Exact repetition of the data is the whole task.

RECORDS FOR THIS TASK START

(* Let $d\ge1$, $0<c\le\infty$, $X=(0,c)$, $X_{\mathrm{SYM}}=(-c,0)\cup(0,c)$, $\mathbb{X}=(X_{\mathrm{SYM}})^d$. For $i=1,\dots,d$ let $w_i\in C^2(X)$ be strictly positive, $p_i\in C^2(X)$ real-valued and nonvanishing, $q_i\in C^1(X)$ real-valued, $a_i\ge0$ constants, $\mu_i(dx)=w_i(x)dx$ on $X$, $\delta_i=p_i\frac{d}{dx}+q_i$, $\delta_i^*=-p_i\frac{d}{dx}+q_i-p_i\frac{w_i'}{w_i}-p_i'$, $L_i=a_i+\delta_i^*\delta_i$. Assume for each $i$ there is an orthonormal basis $\{\varphi^{(i)}_k:k\in\mathbb{N}\}$ of $L^2(X,\mu_i)$ with $\varphi^{(i)}_k\in C^\infty(X)$, $L_i\varphi^{(i)}_k=\lambda^{(i)}_k\varphi^{(i)}_k$, $\lambda^{(i)}_0<\lambda^{(i)}_1<\dots\to\infty$, $\delta_i\varphi^{(i)}_k\in L^2(X,\mu_i)$ and $\langle\delta_i\varphi^{(i)}_k,\delta_i\varphi^{(i)}_m\rangle_{\mu_i}=\langle\delta_i^*\delta_i\varphi^{(i)}_k,\varphi^{(i)}_m\rangle_{\mu_i}$ for all $k,m$; assume moreover $a_i=\lambda^{(i)}_0$ for every $i$. Extend $w_i,p_i,\varphi^{(i)}_k$ evenly and $q_i$ oddly to $X_{\mathrm{SYM}}$, define $\Phi^{(i)}_n=\frac1{\sqrt2}\varphi^{(i)}_{n/2}$ for even $n$, $\Phi^{(i)}_n=-\frac1{\sqrt2}(\lambda^{(i)}_{(n+1)/2}-a_i)^{-1/2}\delta_i\varphi^{(i)}_{(n+1)/2}$ for odd $n$, $\Phi_n=\Phi^{(1)}_{n_1}\otimes\cdots\otimes\Phi^{(d)}_{n_d}$ for $n\in\mathbb{N}^d$, with the convention $\Phi_n\equiv0$ if $n\in\mathbb{Z}^d\setminus\mathbb{N}^d$, and $\langle n\rangle_j=\lfloor\frac{n_j+1}2\rfloor$. Let $$D_jf(x)=p_j(x_j)\partial_{x_j}f(x)+q_j(x_j)\tfrac{f(x)+f(\sigma_jx)}{2}+\Big[p_j(x_j)\tfrac{w_j'(x_j)}{w_j(x_j)}+p_j'(x_j)-q_j(x_j)\Big]\tfrac{f(x)-f(\sigma_jx)}{2}$$ ($\sigma_j$ the reflection changing the sign of the $j$th coordinate), and for $\ell\in\mathbb{N}^d$ let $D^\ell=D_1^{\ell_1}\cdots D_d^{\ell_d}$. Then for every $\ell\in\mathbb{N}^d\setminus\{(0,\dots,0)\}$ and $n\in\mathbb{N}^d$, $$D^\ell\Phi_n=(-1)^{|\ell|/2+|(n+1/2)\widetilde{\ell}|}\Big(\prod_{j=1}^d\big(\lambda^{(j)}_{\langle n\rangle_j}-a_j\big)^{\ell_j/2}\Big)\Phi_{n-(-1)^n\widetilde{\ell}},$$ where $|\ell|=\ell_1+\dots+\ell_d$, $\widetilde{\ell}\in\{0,1\}^d$ has $\widetilde{\ell}_j=0$ if $\ell_j$ is even and $\widetilde{\ell}_j=1$ if $\ell_j$ is odd, $(-1)^n\widetilde{\ell}=((-1)^{n_1}\widetilde{\ell}_1,\dots,(-1)^{n_d}\widetilde{\ell}_d)$ and $|(n+1/2)\widetilde{\ell}|=\sum_{j=1}^d(n_j+1/2)\widetilde{\ell}_j$.
   Context: $\mathbb{N}=\{0,1,2,\dots\}$; $\lfloor\cdot\rfloor$ is the floor function. The exponent $|\ell|/2+|(n+1/2)\widetilde\ell|$ is always an integer. *)

theory Defs
  imports "HOL-Analysis.Analysis"
begin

RECORDS FOR THIS TASK END

ANSWER SPACE ->
(* Let $d\ge1$, $0<c\le\infty$, $X=(0,c)$, $X_{\mathrm{SYM}}=(-c,0)\cup(0,c)$, $\mathbb{X}=(X_{\mathrm{SYM}})^d$. For $i=1,\dots,d$ let $w_i\in C^2(X)$ be strictly positive, $p_i\in C^2(X)$ real-valued and nonvanishing, $q_i\in C^1(X)$ real-valued, $a_i\ge0$ constants, $\mu_i(dx)=w_i(x)dx$ on $X$, $\delta_i=p_i\frac{d}{dx}+q_i$, $\delta_i^*=-p_i\frac{d}{dx}+q_i-p_i\frac{w_i'}{w_i}-p_i'$, $L_i=a_i+\delta_i^*\delta_i$. Assume for each $i$ there is an orthonormal basis $\{\varphi^{(i)}_k:k\in\mathbb{N}\}$ of $L^2(X,\mu_i)$ with $\varphi^{(i)}_k\in C^\infty(X)$, $L_i\varphi^{(i)}_k=\lambda^{(i)}_k\varphi^{(i)}_k$, $\lambda^{(i)}_0<\lambda^{(i)}_1<\dots\to\infty$, $\delta_i\varphi^{(i)}_k\in L^2(X,\mu_i)$ and $\langle\delta_i\varphi^{(i)}_k,\delta_i\varphi^{(i)}_m\rangle_{\mu_i}=\langle\delta_i^*\delta_i\varphi^{(i)}_k,\varphi^{(i)}_m\rangle_{\mu_i}$ for all $k,m$; assume moreover $a_i=\lambda^{(i)}_0$ for every $i$. Extend $w_i,p_i,\varphi^{(i)}_k$ evenly and $q_i$ oddly to $X_{\mathrm{SYM}}$, define $\Phi^{(i)}_n=\frac1{\sqrt2}\varphi^{(i)}_{n/2}$ for even $n$, $\Phi^{(i)}_n=-\frac1{\sqrt2}(\lambda^{(i)}_{(n+1)/2}-a_i)^{-1/2}\delta_i\varphi^{(i)}_{(n+1)/2}$ for odd $n$, $\Phi_n=\Phi^{(1)}_{n_1}\otimes\cdots\otimes\Phi^{(d)}_{n_d}$ for $n\in\mathbb{N}^d$, with the convention $\Phi_n\equiv0$ if $n\in\mathbb{Z}^d\setminus\mathbb{N}^d$, and $\langle n\rangle_j=\lfloor\frac{n_j+1}2\rfloor$. Let $$D_jf(x)=p_j(x_j)\partial_{x_j}f(x)+q_j(x_j)\tfrac{f(x)+f(\sigma_jx)}{2}+\Big[p_j(x_j)\tfrac{w_j'(x_j)}{w_j(x_j)}+p_j'(x_j)-q_j(x_j)\Big]\tfrac{f(x)-f(\sigma_jx)}{2}$$ ($\sigma_j$ the reflection changing the sign of the $j$th coordinate), and for $\ell\in\mathbb{N}^d$ let $D^\ell=D_1^{\ell_1}\cdots D_d^{\ell_d}$. Then for every $\ell\in\mathbb{N}^d\setminus\{(0,\dots,0)\}$ and $n\in\mathbb{N}^d$, $$D^\ell\Phi_n=(-1)^{|\ell|/2+|(n+1/2)\widetilde{\ell}|}\Big(\prod_{j=1}^d\big(\lambda^{(j)}_{\langle n\rangle_j}-a_j\big)^{\ell_j/2}\Big)\Phi_{n-(-1)^n\widetilde{\ell}},$$ where $|\ell|=\ell_1+\dots+\ell_d$, $\widetilde{\ell}\in\{0,1\}^d$ has $\widetilde{\ell}_j=0$ if $\ell_j$ is even and $\widetilde{\ell}_j=1$ if $\ell_j$ is odd, $(-1)^n\widetilde{\ell}=((-1)^{n_1}\widetilde{\ell}_1,\dots,(-1)^{n_d}\widetilde{\ell}_d)$ and $|(n+1/2)\widetilde{\ell}|=\sum_{j=1}^d(n_j+1/2)\widetilde{\ell}_j$.
   Context: $\mathbb{N}=\{0,1,2,\dots\}$; $\lfloor\cdot\rfloor$ is the floor function. The exponent $|\ell|/2+|(n+1/2)\widetilde\ell|$ is always an integer. *)

theory Defs
  imports "HOL-Analysis.Analysis"
begin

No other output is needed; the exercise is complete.